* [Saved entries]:
┌──

lemma recursive_on_prec2: "recursive_on 1 g \<Longrightarrow> recursive_on 3 h \<Longrightarrow> recursive_on 2 (prec g h)"
  using recursive_on_prec[of 1 g h] by (simp add: numeral_2_eq_2 numeral_3_eq_3)

lemma recursive_on_Least:
  assumes "recursive_on (Suc n) g" "\<And>xs. length xs = n \<Longrightarrow> \<exists>y. g (y # xs) = 0"
  shows "recursive_on n (\<lambda>xs. LEAST y. g (y # xs) = 0)"
proof -
  obtain g' where g': "total_rec (Suc n) g'" "\<And>xs. length xs = Suc n \<Longrightarrow> g xs = g' xs"
    using assms(1) unfolding recursive_on_def by blast
  have "total_rec n (\<lambda>xs. LEAST y. g' (y # xs) = 0)"
    by (rule total_rec.mu[OF g'(1)]) (use assms(2) g'(2) in fastforce)
  then show ?thesis
    by (rule recursive_onI[THEN recursive_on_cong]) (simp add: g'(2))
qed

lemma recursive_on_const: "recursive_on n (\<lambda>_. c)"
proof (induction c)
  case 0
  show ?case by (rule recursive_onI, rule total_rec.zero)
next
  case (Suc c)
  from recursive_on_compose1[OF recursive_onI[OF total_rec.succ] Suc] show ?case by simp
qed

lemma length_2_conv: "length xs = 2 \<longleftrightarrow> (\<exists>a b. xs = [a, b])"
  by (auto simp: numeral_eq_Suc length_Suc_conv)

lemma recursive_on_add:
  assumes "recursive_on n f" "recursive_on n g"
  shows "recursive_on n (\<lambda>xs. f xs + g xs)"
proof -
  have "recursive_on 3 (\<lambda>zs. Suc (zs ! 1))"
    using recursive_on_compose1[OF recursive_onI[OF total_rec.succ] recursive_on_proj[of 1 3]]
    by simp
  then have r: "recursive_on 2 (prec (\<lambda>ys. ys ! 0) (\<lambda>zs. Suc (zs ! 1)))"
    by (intro recursive_on_prec2 recursive_on_proj) (simp_all add: numeral_3_eq_3)
  have e: "rec_nat x (\<lambda>k. Suc) y = y + x" for x y :: nat
    by (induction y) auto
  have "recursive_on 2 (\<lambda>xs. xs ! 0 + xs ! 1)"
    by (rule recursive_on_cong[OF r]) (auto simp: e prec_Cons length_2_conv)
  from recursive_on_compose2[OF this assms] show ?thesis by simp
qed

lemma recursive_on_mult:
  assumes "recursive_on n f" "recursive_on n g"
  shows "recursive_on n (\<lambda>xs. f xs * g xs)"
proof -
  have "recursive_on 3 (\<lambda>zs. zs ! 1 + zs ! 2)"
    by (intro recursive_on_add recursive_on_proj) simp_all
  then have r: "recursive_on 2 (prec (\<lambda>_. 0) (\<lambda>zs. zs ! 1 + zs ! 2))"
    by (intro recursive_on_prec2 recursive_on_const) (simp add: numeral_3_eq_3)
  have e: "rec_nat 0 (\<lambda>k acc. acc + x) y = y * x" for x y :: nat
    by (induction y) auto
  have "recursive_on 2 (\<lambda>xs. xs ! 0 * xs ! 1)"
    by (rule recursive_on_cong[OF r]) (auto simp: e prec_Cons length_2_conv)
  from recursive_on_compose2[OF this assms] show ?thesis by simp
qed

lemma recursive_on_diff:
  assumes "recursive_on n f" "recursive_on n g"
  shows "recursive_on n (\<lambda>xs. f xs - g xs)"
proof -
  have r1: "recursive_on 1 (prec (\<lambda>_. 0) (\<lambda>zs. zs ! 0))"
    by (intro recursive_on_prec1 recursive_on_const recursive_on_proj) simp
  have e1: "rec_nat 0 (\<lambda>k acc. k) y = y - 1" for y :: nat
    by (induction y) auto
  have "recursive_on 1 (\<lambda>xs. hd xs - 1)"
    by (rule recursive_on_cong[OF r1]) (auto simp: e1 prec_Cons length_Suc_conv)
  from recursive_on_compose1[OF this recursive_on_proj[of 1 3]]
  have h: "recursive_on 3 (\<lambda>zs. zs ! 1 - 1)"
    by simp
  have r2: "recursive_on 2 (prec (\<lambda>ys. ys ! 0) (\<lambda>zs. zs ! 1 - 1))"
    by (rule recursive_on_prec2[OF recursive_on_proj h]) simp
  have e2: "rec_nat x (\<lambda>k acc. acc - Suc 0) y = x - y" for x y :: nat
    by (induction y) auto
  have "recursive_on 2 (\<lambda>xs. xs ! 1 - xs ! 0)"
    by (rule recursive_on_cong[OF r2]) (auto simp: e2 prec_Cons length_2_conv)
  from recursive_on_compose2[OF this assms(2,1)] show ?thesis by simp
qed

lemma recursive_fn_iff_recursive_on: "recursive_fn f \<longleftrightarrow> recursive_on 1 (\<lambda>xs. f (hd xs))"
proof
  assume "recursive_fn f"
  then obtain g where g: "total_rec 1 g" "\<forall>k. f k = g [k]"
    unfolding recursive_fn_def by blast
  show "recursive_on 1 (\<lambda>xs. f (hd xs))"
  proof (rule recursive_onI[OF g(1), THEN recursive_on_cong])
    fix xs :: "nat list"
    assume "length xs = 1"
    then obtain k where "xs = [k]"
      by (cases xs) auto
    then show "g xs = f (hd xs)"
      using g(2) by simp
  qed
next
  assume "recursive_on 1 (\<lambda>xs. f (hd xs))"
  then obtain g where "total_rec 1 g" "\<forall>xs. length xs = 1 \<longrightarrow> f (hd xs) = g xs"
    unfolding recursive_on_def by blast
  then show "recursive_fn f"
    unfolding recursive_fn_def by (metis One_nat_def length_Cons list.sel(1) list.size(3))
qed

lemma recursive_fn_compose:
  "recursive_fn \<phi> \<Longrightarrow> recursive_on n f \<Longrightarrow> recursive_on n (\<lambda>xs. \<phi> (f xs))"
  unfolding recursive_fn_iff_recursive_on by (drule (1) recursive_on_compose1) simp

lemma recursive_fn_const: "recursive_fn (\<lambda>_. c)"
  unfolding recursive_fn_iff_recursive_on by (rule recursive_on_const)

lemma recursive_fn_id: "recursive_fn (\<lambda>k. k)"
  unfolding recursive_fn_iff_recursive_on
  by (rule recursive_on_cong[OF recursive_on_proj[of 0 1]]) (auto simp: length_Suc_conv)

lemma recursive_fn_add: "recursive_fn f \<Longrightarrow> recursive_fn g \<Longrightarrow> recursive_fn (\<lambda>k. f k + g k)"
  unfolding recursive_fn_iff_recursive_on by (rule recursive_on_add)

lemma recursive_fn_mult: "recursive_fn f \<Longrightarrow> recursive_fn g \<Longrightarrow> recursive_fn (\<lambda>k. f k * g k)"
  unfolding recursive_fn_iff_recursive_on by (rule recursive_on_mult)

lemma recursive_fn_diff: "recursive_fn f \<Longrightarrow> recursive_fn g \<Longrightarrow> recursive_fn (\<lambda>k. f k - g k)"
  unfolding recursive_fn_iff_recursive_on by (rule recursive_on_diff)

lemma recursive_fn_comp:
  assumes "recursive_fn f" "recursive_fn g"
  shows "recursive_fn (\<lambda>k. f (g k))"
  using recursive_fn_compose[OF assms(1) assms(2)[unfolded recursive_fn_iff_recursive_on]]
  unfolding recursive_fn_iff_recursive_on .

lemma recursive_fn_shift: "recursive_fn f \<Longrightarrow> recursive_fn (\<lambda>k. f (k + c))"
  by (erule recursive_fn_comp) (intro recursive_fn_add recursive_fn_id recursive_fn_const)

lemma recursive_fn_power2: "recursive_fn (\<lambda>k. 2 ^ k)"
proof -
  have "recursive_on 2 (\<lambda>zs. zs ! 1 + zs ! 1)"
    by (intro recursive_on_add recursive_on_proj) simp_all
  then have r: "recursive_on 1 (prec (\<lambda>_. 1) (\<lambda>zs. zs ! 1 + zs ! 1))"
    by (intro recursive_on_prec1 recursive_on_const)
  have e: "rec_nat (Suc 0) (\<lambda>k acc. acc + acc) y = (2::nat) ^ y" for y
    by (induction y) auto
  show ?thesis
    unfolding recursive_fn_iff_recursive_on
    by (rule recursive_on_cong[OF r]) (auto simp: e prec_Cons length_Suc_conv)
qed

lemma recursive_fn_mod2: "recursive_fn (\<lambda>k. k mod 2)"
proof -
  have "recursive_on 2 (\<lambda>zs. 1 - zs ! 1)"
    by (intro recursive_on_diff recursive_on_const recursive_on_proj) simp
  then have r: "recursive_on 1 (prec (\<lambda>_. 0) (\<lambda>zs. 1 - zs ! 1))"
    by (intro recursive_on_prec1 recursive_on_const)
  have e: "rec_nat 0 (\<lambda>k acc. Suc 0 - acc) y = y mod 2" for y :: nat
    by (induction y) (auto simp: mod_Suc)
  show ?thesis
    unfolding recursive_fn_iff_recursive_on
    by (rule recursive_on_cong[OF r]) (auto simp: e prec_Cons length_Suc_conv)
qed

lemma less_square_Suc_mult:
  fixes W D :: nat
  assumes "0 < D"
  shows "W < D * ((W + 1) * (W + 1))"
proof -
  have "W < (W + 1) * (W + 1)"
    by simp
  also have "\<dots> \<le> D * ((W + 1) * (W + 1))"
    using assms by (metis Suc_leI mult_le_mono1 mult_1 One_nat_def)
  finally show ?thesis .
qed

lemma Least_square_gt_bounds:
  fixes W D :: nat
  assumes "0 < D"
  defines "n \<equiv> LEAST n. W < D * ((n + 1) * (n + 1))"
  shows "D * (n * n) \<le> W" and "W < D * ((n + 1) * (n + 1))"
proof -
  show "W < D * ((n + 1) * (n + 1))"
    unfolding n_def by (rule LeastI) (rule less_square_Suc_mult[OF assms(1)])
  show "D * (n * n) \<le> W"
  proof (cases n)
    case (Suc m)
    then have "\<not> W < D * ((m + 1) * (m + 1))"
      using not_less_Least[of m "\<lambda>n. W < D * ((n + 1) * (n + 1))"] unfolding n_def by auto
    then show ?thesis
      using Suc by simp
  qed simp
qed

lemma recursive_fn_Least_square_gt:
  assumes "recursive_fn D" "recursive_fn W" "\<And>k. 0 < D k"
  shows "recursive_fn (\<lambda>k. LEAST n. W k < D k * ((n + 1) * (n + 1)))"
proof -
  let ?g = "\<lambda>xs::nat list. 1 - (D (xs ! 1) * ((xs ! 0 + 1) * (xs ! 0 + 1)) - W (xs ! 1))"
  have "recursive_on 2 ?g"
    by (intro recursive_on_diff recursive_on_const recursive_on_mult recursive_on_add
        recursive_fn_compose[OF assms(1)] recursive_fn_compose[OF assms(2)] recursive_on_proj) simp_all
  then have r: "recursive_on 1 (\<lambda>xs. LEAST y. ?g (y # xs) = 0)"
  proof (rule recursive_on_Least[where n = 1, unfolded Suc_1])
    fix xs :: "nat list"
    assume "length xs = 1"
    then obtain k where xs: "xs = [k]"
      by (cases xs) auto
    show "\<exists>y. ?g (y # xs) = 0"
      using less_square_Suc_mult[where W = "W k" and D = "D k", OF assms(3)]
      by (intro exI[of _ "W k"]) (simp add: xs)
  qed
  have e: "?g [y, k] = 0 \<longleftrightarrow> W k < D k * ((y + 1) * (y + 1))" for y k
    by auto
  show ?thesis
    unfolding recursive_fn_iff_recursive_on
  proof (rule recursive_on_cong[OF r])
    fix xs :: "nat list"
    assume "length xs = 1"
    then obtain k where xs: "xs = [k]"
      by (cases xs) auto
    show "(LEAST y. ?g (y # xs) = 0) = (LEAST n. W (hd xs) < D (hd xs) * ((n + 1) * (n + 1)))"
      unfolding xs e list.sel(1) ..
  qed
qed

section \<open>Computable real numbers\<close>

text \<open>A sign-free encoding of the approximating rationals: the difference of two naturals
  over a positive natural.\<close>

definition diff_quot :: "(nat \<Rightarrow> nat) \<Rightarrow> (nat \<Rightarrow> nat) \<Rightarrow> (nat \<Rightarrow> nat) \<Rightarrow> nat \<Rightarrow> real" where
  "diff_quot p q d k = (real (p k) - real (q k)) / real (d k)"

definition recursive_approx ::
    "(nat \<Rightarrow> nat) \<Rightarrow> (nat \<Rightarrow> nat) \<Rightarrow> (nat \<Rightarrow> nat) \<Rightarrow> real \<Rightarrow> bool" where
  "recursive_approx p q d x \<longleftrightarrow> recursive_fn p \<and> recursive_fn q \<and> recursive_fn d \<and>
     (\<forall>k. 0 < d k) \<and> (\<forall>k. \<bar>diff_quot p q d k - x\<bar> \<le> 1 / 2 ^ k)"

└──

* [About this task]:
If a line in the records above contains the word "assms", copy it.

* [Solved problem]:
    using assms(1) unfolding recursive_on_def by blast
    by (rule total_rec.mu[OF g'(1)]) (use assms(2) g'(2) in fastforce)
  from recursive_on_compose2[OF this assms] show ?thesis by simp
  from recursive_on_compose2[OF this assms] show ?thesis by simp
  from recursive_on_compose2[OF this assms(2,1)] show ?thesis by simp
  using recursive_fn_compose[OF assms(1) assms(2)[unfolded recursive_fn_iff_recursive_on]]
    using assms by (metis Suc_leI mult_le_mono1 mult_1 One_nat_def)
    unfolding n_def by (rule LeastI) (rule less_square_Suc_mult[OF assms(1)])
        recursive_fn_compose[OF assms(1)] recursive_fn_compose[OF assms(2)] recursive_on_proj) simp_all
      using less_square_Suc_mult[where W = "W k" and D = "D k", OF assms(3)]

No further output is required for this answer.